Segment Open
(* Assume (A1). Let $g:\mathcal X\to\mathbb R$ and let $u$ be the solution of problem (P) with boundary data $g|_\Gamma$. For $x\in\mathcal X$ let $(X_i)_{i\ge0}$ be the stochastic process started at $X_0=x$ defined as follows: given $X_i$, if $X_i\in\Gamma$ set $X_{i+1}=X_i$; otherwise, independently of everything else, with probability $\alpha$ take $X_{i+1}=y$ with probability $w_{X_iy}/d_{X_i}$, with probability $\frac12(1-\alpha)$ take $X_{i+1}\in\operatorname{argmax}_{y\in N_{X_i}}u(y)$, and with probability $\frac12(1-\alpha)$ take $X_{i+1}\in\operatorname{argmin}_{y\in N_{X_i}\cap\Gamma}g(y)$. Let $\tau=\inf\{i\ge0: X_i\in\Gamma\}$. Then $$u(x)-g(x)\le\mathbb E\big[g(X_\tau)-g(x)\mid X_0=x\big].$$
   Context: $\mathcal X$ is a finite vertex set and $W=(w_{xy})$ a symmetric matrix of nonnegative weights defining a connected graph, with degrees $d_x=\sum_{y}w_{xy}$ and neighbor sets $N_x=\{y\in\mathcal X:w_{xy}>0\}$. For $p\ge2$, $\alpha=1/(p-1)$, and $$\mathcal L_p u(x)=\alpha\,\frac{1}{d_x}\sum_{y}w_{xy}\big(u(x)-u(y)\big)+(1-\alpha)\Big(u(x)-\tfrac12\big(\max_{N_x}u+\min_{N_x}u\big)\Big).$$ $\Gamma\subset\mathcal X$ is the set of labeled vertices. Problem (P): find $u:\mathcal X\to\mathbb R$ with $\mathcal L_pu(x)=0$ for $x\in\mathcal X\setminus\Gamma$ and $u=g$ on $\Gamma$; since the graph is connected it has a unique solution. Assumption (A1): $\Gamma\cap N_x\neq\varnothing$ for every $x\in\mathcal X$. *)

theory Defs
  imports "HOL-Probability.Probability"
begin

definition deg :: "('a::finite \<Rightarrow> 'a \<Rightarrow> real) \<Rightarrow> 'a \<Rightarrow> real" where
  "deg w x = (\<Sum>y\<in>UNIV. w x y)"
(* Core of the theorem: for g satisfying the U-part equations for the companion matrix,
   the vector u = U-projection of v_0 g vanishes, hence so does the first column of g
   below g_{00}. *)
lemma first_column_vanishes:
  fixes g h :: "nat \<Rightarrow> nat \<Rightarrow> 'a::field" and c :: "nat \<Rightarrow> nat \<Rightarrow> 'a"
  assumes n3: "n \<ge> 3" and c: "1 \<le> j0" "j0 < k0" "k0 \<le> n" "c j0 k0 \<noteq> 0"
    and q0: "coeff q 0 \<noteq> 0"
    and rows: "\<And>i j k. 1 \<le> i \<Longrightarrow> i \<le> n \<Longrightarrow> 1 \<le> j \<Longrightarrow> j < k \<Longrightarrow> k \<le> n \<Longrightarrow>
           g i 0 * c j k = (\<Sum>m\<in>{1..n}. companion n q i m * (g 0 j * g m k - g 0 k * g m j))"
    and inv: "\<And>p k. p \<le> n \<Longrightarrow> k \<le> n \<Longrightarrow> (\<Sum>l\<le>n. h p l * g l k) = (if p = k then 1 else 0)"
    and i: "1 \<le> i" "i \<le> n"
  shows "g i 0 = 0"
proof -
  define W where "W m j k = g 0 j * g m k - g 0 k * g m j" for m j k
  have "\<exists>t. \<forall>j k. 1 \<le> j \<and> j < k \<and> k \<le> n \<longrightarrow> W m j k = t * c j k"
    if "1 \<le> m" "m \<le> n" for m
    by (rule companion_preimage_of_line[OF q0 _ that]) (use rows in \<open>simp add: W_def\<close>)
  then obtain t where t: "\<And>m j k. 1 \<le> m \<Longrightarrow> m \<le> n \<Longrightarrow> 1 \<le> j \<Longrightarrow> j < k \<Longrightarrow> k \<le> n \<Longrightarrow>
       W m j k = t m * c j k"
    by metis
  (* u /\ v_p = sum_l h_{pl} (u /\ w_l) lies on the line F c. *)
  define s where "s p = (\<Sum>l\<le>n. h p l * (if l = 0 then 0 else t l))" for p
  have line: "g 0 j * (if p = k then 1 else 0) - g 0 k * (if p = j then 1 else 0) = s p * c j k"
    if p: "1 \<le> p" "p \<le> n" and jk: "1 \<le> j" "j < k" "k \<le> n" for p j k
  proof -
    have "g 0 j * (if p = k then 1 else 0) - g 0 k * (if p = j then 1 else 0)
        = g 0 j * (\<Sum>l\<le>n. h p l * g l k) - g 0 k * (\<Sum>l\<le>n. h p l * g l j)"
      using inv p jk by simp
    also have "\<dots> = (\<Sum>l\<le>n. h p l * W l j k)"
      unfolding W_def by (simp add: sum_distrib_left sum_subtractf algebra_simps)
    also have "\<dots> = (\<Sum>l\<le>n. h p l * (if l = 0 then 0 else t l) * c j k)"
      using t jk by (intro sum.cong refl) (auto simp: W_def)
    also have "\<dots> = s p * c j k" by (simp add: s_def sum_distrib_right)
    finally show ?thesis .
  qed
  have u0: "g 0 m = 0" if "1 \<le> m" "m \<le> n" for m
    using wedge_into_line_vanishes[OF n3 line that] by blast
  have "g i 0 * c j0 k0 = 0"
    using rows[OF i c(1-3)] u0 c by simp
  then show ?thesis using c(4) by simp
qed
lemma Lp_geometric_series_sum:
  fixes h :: "(real \<Rightarrow> real) \<Rightarrow> nat \<Rightarrow> real \<Rightarrow> real"
  assumes p: "1 \<le> p" and r: "0 \<le> r" "r < 1"
    and hm: "\<And>g n. memLp p g \<Longrightarrow> memLp p (h g n)"
    and hn: "\<And>g n. memLp p g \<Longrightarrow> Lp_norm p (h g n) = K * r ^ n * Lp_norm p g"
  shows "\<exists>R. \<forall>g. memLp p g \<longrightarrow> memLp p (R g) \<and> (\<forall>N. memLp p (\<lambda>x. R g x - (\<Sum>n<N. h g n x))
           \<and> Lp_norm p (\<lambda>x. R g x - (\<Sum>n<N. h g n x)) \<le> K / (1 - r) * r ^ N * Lp_norm p g)"
proof -
  have tail: "(\<Sum>n. Lp_norm p (h g (n + N))) = K / (1 - r) * r ^ N * Lp_norm p g"
    if g: "memLp p g" for g N
  proof -
    have "(\<Sum>n. Lp_norm p (h g (n + N))) = (\<Sum>n. (K * r ^ N * Lp_norm p g) * r ^ n)"
      using hn[OF g] by (simp add: power_add mult_ac)
    also have "\<dots> = (K * r ^ N * Lp_norm p g) * (1 / (1 - r))"
      using r by (subst suminf_mult) (auto simp: suminf_geometric)
    finally show ?thesis by simp
  qed
  have "\<exists>S. memLp p g \<longrightarrow> memLp p S \<and> (\<forall>N. memLp p (\<lambda>x. S x - (\<Sum>n<N. h g n x))
           \<and> Lp_norm p (\<lambda>x. S x - (\<Sum>n<N. h g n x)) \<le> K / (1 - r) * r ^ N * Lp_norm p g)"
    for g
  proof (cases "memLp p g")
    case g: True
    have "summable (\<lambda>n. K * Lp_norm p g * r ^ n)"
      using r by (intro summable_mult summable_geometric) simp
    then have "summable (\<lambda>n. Lp_norm p (h g n))"
      using hn[OF g] by (simp add: mult_ac)
    from Lp_series_converges[OF p hm[OF g] this] show ?thesis
      unfolding tail[OF g] by blast
  qed simp
  then show ?thesis by (rule choice[OF allI])
qed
Segment Closed
> WHAT YOU SHOULD DO:
From the line that has "real) \<Rightarrow> 'a" through the line that has "define W where", copy every line exactly as it appears above, and leave out all others.

> WRITTEN ANSWER:
definition deg :: "('a::finite \<Rightarrow> 'a \<Rightarrow> real) \<Rightarrow> 'a \<Rightarrow> real" where
  "deg w x = (\<Sum>y\<in>UNIV. w x y)"
(* Core of the theorem: for g satisfying the U-part equations for the companion matrix,
   the vector u = U-projection of v_0 g vanishes, hence so does the first column of g
   below g_{00}. *)
lemma first_column_vanishes:
  fixes g h :: "nat \<Rightarrow> nat \<Rightarrow> 'a::field" and c :: "nat \<Rightarrow> nat \<Rightarrow> 'a"
  assumes n3: "n \<ge> 3" and c: "1 \<le> j0" "j0 < k0" "k0 \<le> n" "c j0 k0 \<noteq> 0"
    and q0: "coeff q 0 \<noteq> 0"
    and rows: "\<And>i j k. 1 \<le> i \<Longrightarrow> i \<le> n \<Longrightarrow> 1 \<le> j \<Longrightarrow> j < k \<Longrightarrow> k \<le> n \<Longrightarrow>
           g i 0 * c j k = (\<Sum>m\<in>{1..n}. companion n q i m * (g 0 j * g m k - g 0 k * g m j))"
    and inv: "\<And>p k. p \<le> n \<Longrightarrow> k \<le> n \<Longrightarrow> (\<Sum>l\<le>n. h p l * g l k) = (if p = k then 1 else 0)"
    and i: "1 \<le> i" "i \<le> n"
  shows "g i 0 = 0"
proof -
  define W where "W m j k = g 0 j * g m k - g 0 k * g m j" for m j k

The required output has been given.